(* The kernel is an affine combination of dilates of two kernels supported in
   [e^-a, e^a] and [e^-b, e^b], so (K1) and M_0 < \<infinity> pass to it, and its bounded
   logarithmic support gives every moment M_\<nu>. In the series at t^w the dilate of
   chi_a only charges samples e^(k/w) with k/w - ln t in [-(2a+1)/w, (ln 2 - 1)/w],
   i.e. strictly left of t and within O(1/w) of it; the dilate of chi_b only charges
   samples strictly right of t. Each dilate still sums to one, so its sampling series
   is a weighted average of values of f on one side of t and tends to f(t-0),
   respectively f(t+0). *)


lemma summable_on_mult_bounded:
  fixes g h :: "'a \<Rightarrow> real"
  assumes "(\<lambda>k. \<bar>g k\<bar>) summable_on A" and "\<And>k. \<bar>h k\<bar> \<le> M"
  shows "(\<lambda>k. g k * h k) summable_on A"
proof -
  have M: "M \<ge> 0" using assms(2)[of undefined] by linarith
  have "(\<lambda>k. M * \<bar>g k\<bar>) summable_on A" by (rule summable_on_cmult_right[OF assms(1)])
  then have "(\<lambda>k. norm (M * \<bar>g k\<bar>)) summable_on A"
    by (rule summable_on_iff_abs_summable_on_real[THEN iffD1])
  then have "(\<lambda>k. norm (g k * h k)) summable_on A"
  proof (rule Infinite_Sum.abs_summable_on_comparison_test)
    fix k
    have "\<bar>g k\<bar> * \<bar>h k\<bar> \<le> \<bar>g k\<bar> * M" by (rule mult_left_mono[OF assms(2)]) simp
    then show "norm (g k * h k) \<le> norm (M * \<bar>g k\<bar>)"
      using M by (simp add: abs_mult abs_of_nonneg mult.commute)
  qed
  then show ?thesis by (rule summable_on_iff_abs_summable_on_real[THEN iffD2])
qed

lemma infsum_weighted_deviation_le:
  fixes g h :: "'a \<Rightarrow> real"
  assumes unit: "(g has_sum 1) A" and abs: "(\<lambda>k. \<bar>g k\<bar>) summable_on A"
    and bounded: "\<And>k. \<bar>h k\<bar> \<le> B"
    and close: "\<And>k. g k \<noteq> 0 \<Longrightarrow> \<bar>h k - L\<bar> \<le> \<epsilon>"
  shows "\<bar>(\<Sum>\<^sub>\<infinity>k\<in>A. g k * h k) - L\<bar> \<le> \<epsilon> * (\<Sum>\<^sub>\<infinity>k\<in>A. \<bar>g k\<bar>)"
proof -
  have g: "g summable_on A" using unit has_sum_imp_summable by blast
  have dev: "(\<lambda>k. g k * (h k - L)) summable_on A"
  proof (rule summable_on_mult_bounded[OF abs])
    show "\<bar>h k - L\<bar> \<le> B + \<bar>L\<bar>" for k
      using bounded[of k] abs_triangle_ineq4[of "h k" L] by linarith
  qed
  then have dev_abs: "(\<lambda>k. \<bar>g k * (h k - L)\<bar>) summable_on A"
    using summable_on_iff_abs_summable_on_real by fastforce
  have "(\<lambda>k. g k * h k) = (\<lambda>k. g k * (h k - L) + L * g k)"
    by (simp add: algebra_simps)
  then have "(\<Sum>\<^sub>\<infinity>k\<in>A. g k * h k) = (\<Sum>\<^sub>\<infinity>k\<in>A. g k * (h k - L) + L * g k)"
    by simp
  also have "\<dots> = (\<Sum>\<^sub>\<infinity>k\<in>A. g k * (h k - L)) + L"
    using infsumI[OF unit] by (simp add: infsum_add[OF dev summable_on_cmult_right[OF g]] infsum_cmult_right')
  finally have "\<bar>(\<Sum>\<^sub>\<infinity>k\<in>A. g k * h k) - L\<bar> = \<bar>\<Sum>\<^sub>\<infinity>k\<in>A. g k * (h k - L)\<bar>"
    by linarith
  also have "\<dots> \<le> (\<Sum>\<^sub>\<infinity>k\<in>A. \<bar>g k * (h k - L)\<bar>)"
    using norm_infsum_bound[of "\<lambda>k. g k * (h k - L)" A, unfolded real_norm_def] dev_abs by blast
  also have "\<dots> \<le> (\<Sum>\<^sub>\<infinity>k\<in>A. \<epsilon> * \<bar>g k\<bar>)"
  proof (rule infsum_mono[OF dev_abs summable_on_cmult_right[OF abs]])
    show "\<bar>g k * (h k - L)\<bar> \<le> \<epsilon> * \<bar>g k\<bar>" for k
    proof (cases "g k = 0")
      case False
      then show ?thesis
        using mult_left_mono[OF close abs_ge_zero[of "g k"]] by (simp add: abs_mult mult.commute)
    qed simp
  qed
  also have "\<dots> = \<epsilon> * (\<Sum>\<^sub>\<infinity>k\<in>A. \<bar>g k\<bar>)" by (rule infsum_cmult_right')
  finally show ?thesis .
qed

lemma tendsto_infsum_weighted_average:
  fixes g h :: "'w \<Rightarrow> 'a \<Rightarrow> real"
  assumes unit: "\<forall>\<^sub>F w in F. (g w has_sum 1) UNIV"
    and abs: "\<forall>\<^sub>F w in F. (\<lambda>k. \<bar>g w k\<bar>) summable_on UNIV \<and> (\<Sum>\<^sub>\<infinity>k. \<bar>g w k\<bar>) \<le> C"
    and bounded: "\<And>w k. \<bar>h w k\<bar> \<le> B"
    and close: "\<And>\<epsilon>. \<epsilon> > 0 \<Longrightarrow> \<forall>\<^sub>F w in F. \<forall>k. g w k \<noteq> 0 \<longrightarrow> \<bar>h w k - L\<bar> \<le> \<epsilon>"
  shows "((\<lambda>w. \<Sum>\<^sub>\<infinity>k. g w k * h w k) \<longlongrightarrow> L) F"
proof (rule tendstoI)
  fix e :: real assume "e > 0"
  define \<epsilon> where "\<epsilon> = e / (2 * (\<bar>C\<bar> + 1))"
  have "\<epsilon> * (\<bar>C\<bar> + 1) = e / 2"
    unfolding \<epsilon>_def by (simp add: field_simps add_pos_nonneg)
  then have \<epsilon>: "\<epsilon> > 0" "\<epsilon> * (\<bar>C\<bar> + 1) < e"
    using \<open>e > 0\<close> by (simp add: \<epsilon>_def add_pos_nonneg, linarith)
  show "\<forall>\<^sub>F w in F. dist (\<Sum>\<^sub>\<infinity>k. g w k * h w k) L < e"
    using unit abs close[OF \<open>\<epsilon> > 0\<close>]
  proof eventually_elim
    case (elim w)
    then have "\<bar>(\<Sum>\<^sub>\<infinity>k. g w k * h w k) - L\<bar> \<le> \<epsilon> * (\<Sum>\<^sub>\<infinity>k. \<bar>g w k\<bar>)"
      by (intro infsum_weighted_deviation_le[where h = "h w", OF _ _ bounded]) blast+
    also have "\<dots> \<le> \<epsilon> * (\<bar>C\<bar> + 1)"
      using elim \<epsilon>(1) by (intro mult_left_mono) linarith+
    finally show ?case using \<epsilon> by (simp add: dist_real_def)
  qed
qed

lemma moment_finite_zero_iff:
  "moment_finite K 0 \<longleftrightarrow> (\<exists>C. \<forall>u>0.
     (\<lambda>k::int. \<bar>K (exp (- real_of_int k) * u)\<bar>) summable_on UNIV \<and>
     (\<Sum>\<^sub>\<infinity>k::int. \<bar>K (exp (- real_of_int k) * u)\<bar>) \<le> C)"
  by (simp add: moment_finite_def moment_weight_def)

lemma kernel_has_sum_one_dilate:
  assumes "kernel G" and "c > 0" and "u > 0"
  shows "((\<lambda>k::int. G (c * (exp (- real_of_int k) * u))) has_sum 1) UNIV"
proof -
  have "((\<lambda>k::int. G (exp (- real_of_int k) * (c * u))) has_sum 1) UNIV"
    using assms by (simp add: kernel_def)
  then show ?thesis by (simp add: mult.left_commute)
qed

lemma moment_finite_zero_dilate:
  assumes "c > 0" and "moment_finite G 0"
  shows "moment_finite (\<lambda>u. G (c * u)) 0"
proof -
  obtain C where C: "\<forall>u>0. (\<lambda>k::int. \<bar>G (exp (- real_of_int k) * u)\<bar>) summable_on UNIV \<and>
      (\<Sum>\<^sub>\<infinity>k::int. \<bar>G (exp (- real_of_int k) * u)\<bar>) \<le> C"
    using assms(2) unfolding moment_finite_zero_iff by blast
  have "(\<lambda>k::int. \<bar>G (c * (exp (- real_of_int k) * u))\<bar>) summable_on UNIV \<and>
      (\<Sum>\<^sub>\<infinity>k::int. \<bar>G (c * (exp (- real_of_int k) * u))\<bar>) \<le> C" if "u > 0" for u
    using C[rule_format, of "c * u"] that \<open>c > 0\<close> by (simp add: mult.left_commute)
  then show ?thesis unfolding moment_finite_zero_iff by blast
qed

Instructions to follow
Up to and including the line with "g k \<noteq>", output each line of the entries above exactly, starting from the first.

Solution to the exercise
(* The kernel is an affine combination of dilates of two kernels supported in
   [e^-a, e^a] and [e^-b, e^b], so (K1) and M_0 < \<infinity> pass to it, and its bounded
   logarithmic support gives every moment M_\<nu>. In the series at t^w the dilate of
   chi_a only charges samples e^(k/w) with k/w - ln t in [-(2a+1)/w, (ln 2 - 1)/w],
   i.e. strictly left of t and within O(1/w) of it; the dilate of chi_b only charges
   samples strictly right of t. Each dilate still sums to one, so its sampling series
   is a weighted average of values of f on one side of t and tends to f(t-0),
   respectively f(t+0). *)


lemma summable_on_mult_bounded:
  fixes g h :: "'a \<Rightarrow> real"
  assumes "(\<lambda>k. \<bar>g k\<bar>) summable_on A" and "\<And>k. \<bar>h k\<bar> \<le> M"
  shows "(\<lambda>k. g k * h k) summable_on A"
proof -
  have M: "M \<ge> 0" using assms(2)[of undefined] by linarith
  have "(\<lambda>k. M * \<bar>g k\<bar>) summable_on A" by (rule summable_on_cmult_right[OF assms(1)])
  then have "(\<lambda>k. norm (M * \<bar>g k\<bar>)) summable_on A"
    by (rule summable_on_iff_abs_summable_on_real[THEN iffD1])
  then have "(\<lambda>k. norm (g k * h k)) summable_on A"
  proof (rule Infinite_Sum.abs_summable_on_comparison_test)
    fix k
    have "\<bar>g k\<bar> * \<bar>h k\<bar> \<le> \<bar>g k\<bar> * M" by (rule mult_left_mono[OF assms(2)]) simp
    then show "norm (g k * h k) \<le> norm (M * \<bar>g k\<bar>)"
      using M by (simp add: abs_mult abs_of_nonneg mult.commute)
  qed
  then show ?thesis by (rule summable_on_iff_abs_summable_on_real[THEN iffD2])
qed

lemma infsum_weighted_deviation_le:
  fixes g h :: "'a \<Rightarrow> real"
  assumes unit: "(g has_sum 1) A" and abs: "(\<lambda>k. \<bar>g k\<bar>) summable_on A"
    and bounded: "\<And>k. \<bar>h k\<bar> \<le> B"
    and close: "\<And>k. g k \<noteq> 0 \<Longrightarrow> \<bar>h k - L\<bar> \<le> \<epsilon>"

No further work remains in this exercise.